## What you need to do
Work through the listing below and state how many of its lines hold the word "shows". Give no other output.

## Dataset entries
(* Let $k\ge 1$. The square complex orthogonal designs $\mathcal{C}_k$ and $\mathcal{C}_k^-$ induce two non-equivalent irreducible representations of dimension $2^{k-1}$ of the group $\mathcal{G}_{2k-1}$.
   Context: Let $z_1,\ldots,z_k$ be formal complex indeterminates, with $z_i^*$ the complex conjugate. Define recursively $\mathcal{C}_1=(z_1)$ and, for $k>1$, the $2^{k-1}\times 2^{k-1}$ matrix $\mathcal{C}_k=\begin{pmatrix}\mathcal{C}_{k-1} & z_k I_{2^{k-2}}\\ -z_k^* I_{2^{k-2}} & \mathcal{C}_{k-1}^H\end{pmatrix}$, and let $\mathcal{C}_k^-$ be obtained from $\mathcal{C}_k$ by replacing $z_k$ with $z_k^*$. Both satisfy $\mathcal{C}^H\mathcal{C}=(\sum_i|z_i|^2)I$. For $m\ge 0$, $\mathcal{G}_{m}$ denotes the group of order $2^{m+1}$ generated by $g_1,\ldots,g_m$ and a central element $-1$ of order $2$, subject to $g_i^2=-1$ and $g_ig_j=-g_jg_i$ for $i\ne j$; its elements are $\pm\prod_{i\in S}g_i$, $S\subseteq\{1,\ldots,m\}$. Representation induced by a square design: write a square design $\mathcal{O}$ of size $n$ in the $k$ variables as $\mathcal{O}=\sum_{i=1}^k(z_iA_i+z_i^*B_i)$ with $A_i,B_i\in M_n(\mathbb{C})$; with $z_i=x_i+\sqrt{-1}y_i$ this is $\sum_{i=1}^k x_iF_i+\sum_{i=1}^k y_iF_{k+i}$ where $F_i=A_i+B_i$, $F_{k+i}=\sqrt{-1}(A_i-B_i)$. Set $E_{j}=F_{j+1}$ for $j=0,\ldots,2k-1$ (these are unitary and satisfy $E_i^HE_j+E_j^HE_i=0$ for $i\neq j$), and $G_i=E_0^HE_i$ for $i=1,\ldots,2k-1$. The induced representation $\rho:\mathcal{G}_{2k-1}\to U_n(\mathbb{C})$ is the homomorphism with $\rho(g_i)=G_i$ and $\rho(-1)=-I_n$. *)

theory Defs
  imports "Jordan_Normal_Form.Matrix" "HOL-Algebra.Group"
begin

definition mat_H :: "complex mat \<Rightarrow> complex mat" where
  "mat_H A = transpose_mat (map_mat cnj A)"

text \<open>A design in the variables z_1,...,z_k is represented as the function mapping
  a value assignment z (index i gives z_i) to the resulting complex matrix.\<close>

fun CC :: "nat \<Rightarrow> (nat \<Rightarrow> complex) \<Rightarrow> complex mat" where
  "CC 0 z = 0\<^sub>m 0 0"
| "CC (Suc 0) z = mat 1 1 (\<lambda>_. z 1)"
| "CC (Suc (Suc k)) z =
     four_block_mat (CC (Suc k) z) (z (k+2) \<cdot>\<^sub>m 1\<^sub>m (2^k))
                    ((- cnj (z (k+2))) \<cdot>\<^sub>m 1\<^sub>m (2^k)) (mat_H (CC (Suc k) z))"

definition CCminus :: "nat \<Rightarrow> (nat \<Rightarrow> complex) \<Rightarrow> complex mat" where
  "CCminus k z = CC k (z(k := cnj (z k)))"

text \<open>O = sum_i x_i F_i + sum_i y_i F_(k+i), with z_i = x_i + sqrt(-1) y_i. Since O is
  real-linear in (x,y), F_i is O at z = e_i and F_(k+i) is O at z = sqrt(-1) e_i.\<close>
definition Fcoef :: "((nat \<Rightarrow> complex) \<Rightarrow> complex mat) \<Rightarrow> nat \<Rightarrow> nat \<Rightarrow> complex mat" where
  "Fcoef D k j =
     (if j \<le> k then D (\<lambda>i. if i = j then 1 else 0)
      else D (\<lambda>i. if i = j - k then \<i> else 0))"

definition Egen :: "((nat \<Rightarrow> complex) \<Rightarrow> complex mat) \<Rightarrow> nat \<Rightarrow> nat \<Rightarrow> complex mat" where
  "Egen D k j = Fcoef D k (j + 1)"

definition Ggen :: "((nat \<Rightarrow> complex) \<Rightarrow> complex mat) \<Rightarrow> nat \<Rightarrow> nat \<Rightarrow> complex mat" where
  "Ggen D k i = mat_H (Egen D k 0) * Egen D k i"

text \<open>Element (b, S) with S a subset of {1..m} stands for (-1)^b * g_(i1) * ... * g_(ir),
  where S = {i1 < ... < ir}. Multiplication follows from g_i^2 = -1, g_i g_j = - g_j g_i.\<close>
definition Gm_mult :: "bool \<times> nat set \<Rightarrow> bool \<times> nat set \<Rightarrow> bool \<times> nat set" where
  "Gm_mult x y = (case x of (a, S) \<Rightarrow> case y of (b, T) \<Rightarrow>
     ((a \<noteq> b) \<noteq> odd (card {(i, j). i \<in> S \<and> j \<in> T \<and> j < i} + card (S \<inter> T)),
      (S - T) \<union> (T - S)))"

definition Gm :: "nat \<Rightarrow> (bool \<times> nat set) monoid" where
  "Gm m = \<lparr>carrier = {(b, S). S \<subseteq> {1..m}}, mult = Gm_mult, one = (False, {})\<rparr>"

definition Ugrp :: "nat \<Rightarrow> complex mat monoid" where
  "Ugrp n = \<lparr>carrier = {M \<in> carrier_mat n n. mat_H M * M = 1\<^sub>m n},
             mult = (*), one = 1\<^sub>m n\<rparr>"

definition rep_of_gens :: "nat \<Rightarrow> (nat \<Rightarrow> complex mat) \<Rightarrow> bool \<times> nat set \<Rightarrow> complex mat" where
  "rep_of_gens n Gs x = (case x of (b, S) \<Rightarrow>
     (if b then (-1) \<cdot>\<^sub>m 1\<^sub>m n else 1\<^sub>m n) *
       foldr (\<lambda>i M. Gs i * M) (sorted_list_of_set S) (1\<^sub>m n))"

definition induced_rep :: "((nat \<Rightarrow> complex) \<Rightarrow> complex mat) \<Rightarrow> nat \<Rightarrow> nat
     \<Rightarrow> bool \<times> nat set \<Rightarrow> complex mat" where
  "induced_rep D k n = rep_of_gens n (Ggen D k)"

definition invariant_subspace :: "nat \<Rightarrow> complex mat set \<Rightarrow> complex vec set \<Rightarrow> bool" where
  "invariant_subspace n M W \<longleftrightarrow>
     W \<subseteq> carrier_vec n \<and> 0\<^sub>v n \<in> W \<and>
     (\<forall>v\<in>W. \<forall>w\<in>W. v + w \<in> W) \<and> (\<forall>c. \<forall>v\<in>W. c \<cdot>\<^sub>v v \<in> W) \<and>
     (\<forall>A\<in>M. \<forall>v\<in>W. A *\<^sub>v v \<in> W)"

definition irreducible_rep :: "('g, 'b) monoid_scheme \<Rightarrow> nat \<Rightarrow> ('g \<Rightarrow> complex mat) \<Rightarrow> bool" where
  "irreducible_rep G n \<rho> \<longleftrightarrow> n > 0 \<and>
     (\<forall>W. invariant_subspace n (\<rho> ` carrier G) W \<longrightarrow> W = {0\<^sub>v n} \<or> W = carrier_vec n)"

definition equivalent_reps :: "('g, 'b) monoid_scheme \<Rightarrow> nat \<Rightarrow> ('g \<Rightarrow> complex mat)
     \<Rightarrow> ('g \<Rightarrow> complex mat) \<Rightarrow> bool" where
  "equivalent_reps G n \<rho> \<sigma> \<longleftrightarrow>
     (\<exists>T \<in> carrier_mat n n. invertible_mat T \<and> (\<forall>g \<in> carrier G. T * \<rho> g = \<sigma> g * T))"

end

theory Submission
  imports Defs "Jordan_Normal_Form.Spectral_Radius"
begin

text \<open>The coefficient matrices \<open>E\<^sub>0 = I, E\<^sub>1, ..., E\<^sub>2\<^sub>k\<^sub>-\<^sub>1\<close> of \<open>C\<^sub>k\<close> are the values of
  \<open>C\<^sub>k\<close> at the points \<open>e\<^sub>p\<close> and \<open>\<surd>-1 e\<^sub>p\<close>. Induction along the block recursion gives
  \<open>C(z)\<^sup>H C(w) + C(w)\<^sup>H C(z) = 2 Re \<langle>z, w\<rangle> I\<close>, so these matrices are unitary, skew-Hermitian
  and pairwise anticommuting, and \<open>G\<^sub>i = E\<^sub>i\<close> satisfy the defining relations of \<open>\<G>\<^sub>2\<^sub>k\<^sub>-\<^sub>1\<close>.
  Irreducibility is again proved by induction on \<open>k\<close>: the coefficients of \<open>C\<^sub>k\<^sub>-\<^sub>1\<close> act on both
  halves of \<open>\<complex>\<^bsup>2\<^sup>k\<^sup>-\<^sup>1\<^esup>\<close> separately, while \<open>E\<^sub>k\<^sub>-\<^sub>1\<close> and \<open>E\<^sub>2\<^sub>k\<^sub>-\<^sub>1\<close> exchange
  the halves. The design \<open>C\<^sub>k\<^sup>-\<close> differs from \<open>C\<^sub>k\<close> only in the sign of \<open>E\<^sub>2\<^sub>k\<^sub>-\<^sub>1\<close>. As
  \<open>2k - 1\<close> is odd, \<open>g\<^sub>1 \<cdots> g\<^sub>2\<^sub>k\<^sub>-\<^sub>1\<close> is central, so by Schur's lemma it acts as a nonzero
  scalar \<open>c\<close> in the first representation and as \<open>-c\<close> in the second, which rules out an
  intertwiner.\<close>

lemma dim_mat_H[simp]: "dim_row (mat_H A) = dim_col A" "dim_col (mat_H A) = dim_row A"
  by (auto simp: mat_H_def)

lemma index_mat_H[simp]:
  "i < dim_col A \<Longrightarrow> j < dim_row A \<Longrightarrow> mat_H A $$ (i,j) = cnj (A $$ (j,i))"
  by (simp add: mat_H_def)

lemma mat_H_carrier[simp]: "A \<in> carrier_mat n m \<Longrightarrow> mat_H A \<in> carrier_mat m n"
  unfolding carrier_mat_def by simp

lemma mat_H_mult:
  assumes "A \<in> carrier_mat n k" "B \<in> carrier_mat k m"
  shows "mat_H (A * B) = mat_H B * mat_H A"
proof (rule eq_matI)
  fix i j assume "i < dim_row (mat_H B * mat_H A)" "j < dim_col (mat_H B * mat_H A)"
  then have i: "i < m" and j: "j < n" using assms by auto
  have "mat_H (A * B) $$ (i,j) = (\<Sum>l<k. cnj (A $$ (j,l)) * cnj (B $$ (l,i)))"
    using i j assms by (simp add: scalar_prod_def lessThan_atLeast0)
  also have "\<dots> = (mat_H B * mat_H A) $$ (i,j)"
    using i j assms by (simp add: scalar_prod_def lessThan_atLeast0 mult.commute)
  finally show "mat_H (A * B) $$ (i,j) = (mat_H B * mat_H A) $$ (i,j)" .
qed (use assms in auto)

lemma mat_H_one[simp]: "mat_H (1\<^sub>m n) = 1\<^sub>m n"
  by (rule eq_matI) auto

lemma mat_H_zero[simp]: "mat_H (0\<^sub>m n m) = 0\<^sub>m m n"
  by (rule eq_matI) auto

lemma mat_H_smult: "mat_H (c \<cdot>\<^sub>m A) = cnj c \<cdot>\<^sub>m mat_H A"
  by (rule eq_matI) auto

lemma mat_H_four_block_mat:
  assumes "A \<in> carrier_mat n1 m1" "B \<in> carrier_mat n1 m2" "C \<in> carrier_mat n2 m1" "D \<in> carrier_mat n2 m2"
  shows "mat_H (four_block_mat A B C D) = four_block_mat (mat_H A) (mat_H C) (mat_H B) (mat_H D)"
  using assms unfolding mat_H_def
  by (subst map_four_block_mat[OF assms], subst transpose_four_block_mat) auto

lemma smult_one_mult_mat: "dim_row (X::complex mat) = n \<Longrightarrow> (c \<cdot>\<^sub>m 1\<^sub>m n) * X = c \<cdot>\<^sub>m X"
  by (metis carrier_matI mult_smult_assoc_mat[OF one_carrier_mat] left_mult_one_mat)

## Task solution
2